◆ How to complete this task ◆
A complete answer includes every line below with the word "that".

◆ The data ◆
(* Let $V$, $f$, $\mathcal{A}$, $k,\tau,\eta$ be as described in the context (in particular $f$ normalized monotone submodular, $\mathcal{A}$ satisfying the $\beta$-iterative property, $\eta\ge4(\log k+1)$, $2\le\tau\le\frac{k}{3\eta(\log k+2)}$), and let $X$ and $Y$ be buckets constructed by PRo such that $Y$ is constructed at a later time than $X$. For any set $E_Y\subseteq Y$, $$f(X\cup(Y\setminus E_Y))\ge\frac{1}{1+\alpha}f(Y)\quad\text{and}\quad f(E_Y\mid X)\le\alpha f(X),$$ where $\alpha=\beta\frac{|E_Y|}{|X|}$.
   Context: Notation: $f(Y\mid X):=f(X\cup Y)-f(X)$; logarithms are to base 2. $V$ is a finite ground set, $f:2^V\to\mathbb{R}_{\ge0}$ is normalized ($f(\emptyset)=0$), monotone and submodular. A subroutine $\mathcal{A}(k',T)$ outputs an ordered set $(v_1,\dots,v_{k'})$ of elements of $T\subseteq V$; $\mathcal{A}_i(T)=\{v_1,\dots,v_i\}$; it satisfies the $\beta$-iterative property ($\beta\ge1$) if $f(\mathcal{A}_{i+1}(T))-f(\mathcal{A}_i(T))\ge\frac1\beta\max_{v\in T}f(v\mid\mathcal{A}_i(T))$ for all $T,i$. Algorithm PRo (inputs $V,k,\tau,\eta\in\mathbb{N}_+,\mathcal{A}$): $S_0\leftarrow\emptyset$; for $i=0,\dots,\lceil\log\tau\rceil$ and for $j=1,\dots,\lceil\tau/2^i\rceil$: $B_j\leftarrow\mathcal{A}(2^i\eta,V\setminus S_0)$, $S_0\leftarrow S_0\cup B_j$ (each such $B_j$ is a bucket of partition $i$); then $S_1\leftarrow\mathcal{A}(k-|S_0|,V\setminus S_0)$; output $S=S_0\cup S_1$. *)

theory Defs
  imports Complex_Main
begin

definition normalized :: "('a set \<Rightarrow> real) \<Rightarrow> bool" where
  "normalized f \<longleftrightarrow> f {} = 0"

definition nonneg_on :: "'a set \<Rightarrow> ('a set \<Rightarrow> real) \<Rightarrow> bool" where
  "nonneg_on V f \<longleftrightarrow> (\<forall>A. A \<subseteq> V \<longrightarrow> f A \<ge> 0)"

definition monotone_on_sets :: "'a set \<Rightarrow> ('a set \<Rightarrow> real) \<Rightarrow> bool" where
  "monotone_on_sets V f \<longleftrightarrow> (\<forall>A B. A \<subseteq> B \<and> B \<subseteq> V \<longrightarrow> f A \<le> f B)"

definition submodular_on :: "'a set \<Rightarrow> ('a set \<Rightarrow> real) \<Rightarrow> bool" where
  "submodular_on V f \<longleftrightarrow>
     (\<forall>A B. A \<subseteq> V \<and> B \<subseteq> V \<longrightarrow> f (A \<union> B) + f (A \<inter> B) \<le> f A + f B)"

definition marg :: "('a set \<Rightarrow> real) \<Rightarrow> 'a set \<Rightarrow> 'a set \<Rightarrow> real" where
  "marg f Y X = f (X \<union> Y) - f X"

definition valid_subroutine :: "'a set \<Rightarrow> (nat \<Rightarrow> 'a set \<Rightarrow> 'a list) \<Rightarrow> bool" where
  "valid_subroutine V A \<longleftrightarrow>
     (\<forall>k' T. T \<subseteq> V \<longrightarrow> distinct (A k' T) \<and> set (A k' T) \<subseteq> T \<and>
                         length (A k' T) = min k' (card T))"

definition prefix_set :: "(nat \<Rightarrow> 'a set \<Rightarrow> 'a list) \<Rightarrow> nat \<Rightarrow> 'a set \<Rightarrow> nat \<Rightarrow> 'a set" where
  "prefix_set A k' T i = set (take i (A k' T))"

definition beta_iterative ::
  "'a set \<Rightarrow> ('a set \<Rightarrow> real) \<Rightarrow> real \<Rightarrow> (nat \<Rightarrow> 'a set \<Rightarrow> 'a list) \<Rightarrow> bool" where
  "beta_iterative V f \<beta> A \<longleftrightarrow>
     (\<forall>k' T i. T \<subseteq> V \<and> i < length (A k' T) \<longrightarrow>
        f (prefix_set A k' T (Suc i)) - f (prefix_set A k' T i)
          \<ge> (1 / \<beta>) * Max ((\<lambda>v. marg f {v} (prefix_set A k' T i)) ` T))"

definition pro_sizes :: "nat \<Rightarrow> nat \<Rightarrow> nat list" where
  "pro_sizes \<tau> \<eta> =
     concat (map (\<lambda>i. replicate (nat \<lceil>real \<tau> / 2 ^ i\<rceil>) (2 ^ i * \<eta>))
                 [0..<Suc (nat \<lceil>log 2 (real \<tau>)\<rceil>)])"

fun pro_buckets_aux :: "(nat \<Rightarrow> 'a set \<Rightarrow> 'a list) \<Rightarrow> 'a set \<Rightarrow> 'a set \<Rightarrow> nat list \<Rightarrow> 'a set list" where
  "pro_buckets_aux A V S0 [] = []"
| "pro_buckets_aux A V S0 (s # ss) =
     (let B = set (A s (V - S0)) in B # pro_buckets_aux A V (S0 \<union> B) ss)"

definition pro_buckets :: "(nat \<Rightarrow> 'a set \<Rightarrow> 'a list) \<Rightarrow> 'a set \<Rightarrow> nat \<Rightarrow> nat \<Rightarrow> 'a set list" where
  "pro_buckets A V \<tau> \<eta> = pro_buckets_aux A V {} (pro_sizes \<tau> \<eta>)"

end

theory Submission
  imports Defs
begin

text \<open>A bucket X is the output of the subroutine on a set T that still contains every later
  bucket Y. The \<open>\<beta>\<close>-iterative property, telescoped over the construction of X and combined with
  diminishing returns, shows that every element of T gains at most \<open>\<beta> f(X) / |X|\<close> on top of X;
  by subadditivity \<open>f(E | X) \<le> \<alpha> f(X)\<close>. Removing E from X \<union> Y therefore loses at most
  \<open>f(E | X) \<le> \<alpha> f(X) \<le> \<alpha> f(X \<union> (Y - E))\<close>, and monotonicity gives the first inequality.\<close>

lemma length_pro_buckets_aux: "length (pro_buckets_aux A V S0 ss) = length ss"
  by (induction ss arbitrary: S0) (auto simp: Let_def)

lemma pro_buckets_aux_nth_subset:
  assumes "valid_subroutine V A" and "q < length ss"
  shows "pro_buckets_aux A V S0 ss ! q \<subseteq> V - S0"
  using assms(2)
proof (induction ss arbitrary: S0 q)
  case Nil
  then show ?case by simp
next
  case (Cons s ss)
  have B: "set (A s (V - S0)) \<subseteq> V - S0"
    using assms(1) unfolding valid_subroutine_def by blast
  show ?case
  proof (cases q)
    case 0
    then show ?thesis using B by (simp add: Let_def)
  next
    case (Suc q')
    with Cons have "pro_buckets_aux A V (S0 \<union> set (A s (V - S0))) ss ! q'
        \<subseteq> V - (S0 \<union> set (A s (V - S0)))" by simp
    then show ?thesis using Suc by (auto simp: Let_def)
  qed
qed

lemma pro_buckets_aux_later_bucket:
  assumes "valid_subroutine V A" and "p < q" and "q < length ss"
  shows "\<exists>S. pro_buckets_aux A V S0 ss ! p = set (A (ss ! p) (V - S)) \<and>
             pro_buckets_aux A V S0 ss ! q \<subseteq> V - S - pro_buckets_aux A V S0 ss ! p"
  using assms(2,3)
proof (induction ss arbitrary: S0 p q)
  case Nil
  then show ?case by simp
next
  case (Cons s ss)
  define B where "B = set (A s (V - S0))"
  obtain q' where q': "q = Suc q'" using Cons.prems by (cases q) auto
  have later: "pro_buckets_aux A V S0 (s # ss) ! q = pro_buckets_aux A V (S0 \<union> B) ss ! q'"
    using q' by (simp add: Let_def B_def)
  show ?case
  proof (cases p)
    case 0
    have "pro_buckets_aux A V (S0 \<union> B) ss ! q' \<subseteq> V - (S0 \<union> B)"
      using pro_buckets_aux_nth_subset[OF assms(1)] Cons.prems q' by simp
    then show ?thesis using 0 later by (intro exI[of _ S0]) (auto simp: Let_def B_def)
  next
    case (Suc p')
    with Cons.prems q' have "p' < q'" "q' < length ss" by auto
    then obtain S where
      "pro_buckets_aux A V (S0 \<union> B) ss ! p' = set (A (ss ! p') (V - S))"
      "pro_buckets_aux A V (S0 \<union> B) ss ! q' \<subseteq> V - S - pro_buckets_aux A V (S0 \<union> B) ss ! p'"
      using Cons.IH by blast
    moreover have "pro_buckets_aux A V S0 (s # ss) ! p = pro_buckets_aux A V (S0 \<union> B) ss ! p'"
      using Suc by (simp add: Let_def B_def)
    ultimately show ?thesis using later Suc by auto
  qed
qed

lemma pro_sizes_pos: "x \<in> set (pro_sizes \<tau> \<eta>) \<Longrightarrow> \<eta> \<ge> 1 \<Longrightarrow> x \<ge> 1"
  unfolding pro_sizes_def by auto

lemma marg_antimono:
  assumes mono: "monotone_on_sets V f" and sub: "submodular_on V f"
    and "P \<subseteq> Q" "Q \<subseteq> V" "E \<subseteq> V"
  shows "marg f E Q \<le> marg f E P"
proof -
  have "P \<union> E \<subseteq> V" "P \<subseteq> (P \<union> E) \<inter> Q" "(P \<union> E) \<inter> Q \<subseteq> V" "(P \<union> E) \<union> Q = Q \<union> E"
    using assms(3-5) by blast+
  moreover from this have "f ((P \<union> E) \<union> Q) + f ((P \<union> E) \<inter> Q) \<le> f (P \<union> E) + f Q"
    using sub assms(4) unfolding submodular_on_def by blast
  moreover from calculation have "f P \<le> f ((P \<union> E) \<inter> Q)"
    using mono unfolding monotone_on_sets_def by blast
  ultimately show ?thesis unfolding marg_def by simp
qed

lemma marg_le_sum_singletons:
  assumes mono: "monotone_on_sets V f" and sub: "submodular_on V f"
    and "finite E" "E \<subseteq> V" "X \<subseteq> V"
  shows "marg f E X \<le> (\<Sum>e\<in>E. marg f {e} X)"
  using assms(3,4)
proof (induction E rule: finite_induct)
  case empty
  then show ?case by (simp add: marg_def)
next
  case (insert e F)
  have "marg f {e} (X \<union> F) \<le> marg f {e} X"
    using marg_antimono[OF mono sub, of X "X \<union> F" "{e}"] insert.prems assms(5) by auto
  moreover have "marg f (insert e F) X = marg f F X + marg f {e} (X \<union> F)"
    unfolding marg_def by (simp add: insert_commute)
  ultimately show ?case using insert by simp
qed

lemma card_mult_marg_output_le:
  assumes mono: "monotone_on_sets V f" and sub: "submodular_on V f" and "normalized f"
    and valid: "valid_subroutine V A" and iter: "beta_iterative V f \<beta> A" and "\<beta> > 0"
    and "finite T" "T \<subseteq> V" "e \<in> T"
  shows "real (card (set (A s T))) * marg f {e} (set (A s T)) \<le> \<beta> * f (set (A s T))"
proof -
  define X where "X = set (A s T)"
  define n where "n = length (A s T)"
  let ?pre = "prefix_set A s T"
  have "distinct (A s T)" "set (A s T) \<subseteq> T"
    using valid assms(8) unfolding valid_subroutine_def by auto
  then have cardX: "card X = n" and XV: "X \<subseteq> V"
    using assms(8) distinct_card unfolding X_def n_def by blast+
  have eV: "{e} \<subseteq> V" using assms(8,9) by blast
  have step: "marg f {e} X / \<beta> \<le> f (?pre (Suc i)) - f (?pre i)" if "i < n" for i
  proof -
    have "?pre i \<subseteq> X" unfolding prefix_set_def X_def by (rule set_take_subset)
    then have "marg f {e} X \<le> marg f {e} (?pre i)"
      using marg_antimono[OF mono sub _ XV eV] by blast
    also have "\<dots> \<le> Max ((\<lambda>v. marg f {v} (?pre i)) ` T)"
      using assms(7,9) by (intro Max_ge) auto
    finally have "marg f {e} X / \<beta> \<le> (1 / \<beta>) * Max ((\<lambda>v. marg f {v} (?pre i)) ` T)"
      using \<open>\<beta> > 0\<close> by (simp add: divide_right_mono)
    also have "\<dots> \<le> f (?pre (Suc i)) - f (?pre i)"
      using iter assms(8) that unfolding beta_iterative_def n_def by blast
    finally show ?thesis .
  qed
  have "real n * (marg f {e} X / \<beta>) \<le> (\<Sum>i<n. f (?pre (Suc i)) - f (?pre i))"
    using sum_mono[of "{..<n}", OF step] by simp
  also have "\<dots> = f (?pre n) - f (?pre 0)" by (rule sum_lessThan_telescope)
  also have "\<dots> = f X"
    using \<open>normalized f\<close> unfolding prefix_set_def X_def n_def normalized_def by simp
  finally have "real (card X) * marg f {e} X / \<beta> \<le> f X" using cardX by simp
  then show ?thesis using \<open>\<beta> > 0\<close> unfolding X_def by (simp add: pos_divide_le_eq mult.commute)
qed

lemma marg_output_le:
  assumes mono: "monotone_on_sets V f" and sub: "submodular_on V f" and "normalized f"
    and valid: "valid_subroutine V A" and iter: "beta_iterative V f \<beta> A" and "\<beta> > 0"
    and "finite T" "T \<subseteq> V" "E \<subseteq> T" "s \<ge> 1"
  shows "marg f E (set (A s T)) \<le> \<beta> * real (card E) / real (card (set (A s T))) * f (set (A s T))"
proof (cases "card (set (A s T)) = 0")
  case True
  \<comment> \<open>Then T and E are empty; the right-hand side is 0 because of division by 0.\<close>
  have "length (A s T) = min s (card T)" "distinct (A s T)"
    using valid assms(8) unfolding valid_subroutine_def by auto
  with True have "min s (card T) = 0" by (simp add: distinct_card)
  with \<open>s \<ge> 1\<close> have "T = {}" using assms(7) by (simp add: min_def split: if_splits)
  then show ?thesis using assms(9) by (simp add: marg_def)
next
  case False
  define X where "X = set (A s T)"
  have cardX: "card X > 0" using False unfolding X_def neq0_conv .
  have "X \<subseteq> T" using valid assms(8) unfolding valid_subroutine_def X_def by simp
  then have XV: "X \<subseteq> V" using assms(8) by (rule order_trans)
  have "finite E" using assms(7,9) by (rule finite_subset[rotated])
  moreover have "E \<subseteq> V" using assms(8,9) by blast
  ultimately have "marg f E X \<le> (\<Sum>e\<in>E. marg f {e} X)"
    by (rule marg_le_sum_singletons[OF mono sub _ _ XV])
  also have "\<dots> \<le> (\<Sum>e\<in>E. \<beta> * f X / real (card X))"
  proof (rule sum_mono)
    fix e assume "e \<in> E"
    then have "real (card X) * marg f {e} X \<le> \<beta> * f X"
      unfolding X_def using assms(9) by (intro card_mult_marg_output_le[OF assms(1-8)]) auto
    then show "marg f {e} X \<le> \<beta> * f X / real (card X)"
      using cardX by (simp add: pos_le_divide_eq mult.commute)
  qed
  also have "\<dots> = \<beta> * real (card E) / real (card X) * f X" by simp
  finally show ?thesis unfolding X_def .
qed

◆ Solution to this problem ◆
(* Let $V$, $f$, $\mathcal{A}$, $k,\tau,\eta$ be as described in the context (in particular $f$ normalized monotone submodular, $\mathcal{A}$ satisfying the $\beta$-iterative property, $\eta\ge4(\log k+1)$, $2\le\tau\le\frac{k}{3\eta(\log k+2)}$), and let $X$ and $Y$ be buckets constructed by PRo such that $Y$ is constructed at a later time than $X$. For any set $E_Y\subseteq Y$, $$f(X\cup(Y\setminus E_Y))\ge\frac{1}{1+\alpha}f(Y)\quad\text{and}\quad f(E_Y\mid X)\le\alpha f(X),$$ where $\alpha=\beta\frac{|E_Y|}{|X|}$.
text \<open>A bucket X is the output of the subroutine on a set T that still contains every later
  diminishing returns, shows that every element of T gains at most \<open>\<beta> f(X) / |X|\<close> on top of X;
      using iter assms(8) that unfolding beta_iterative_def n_def by blast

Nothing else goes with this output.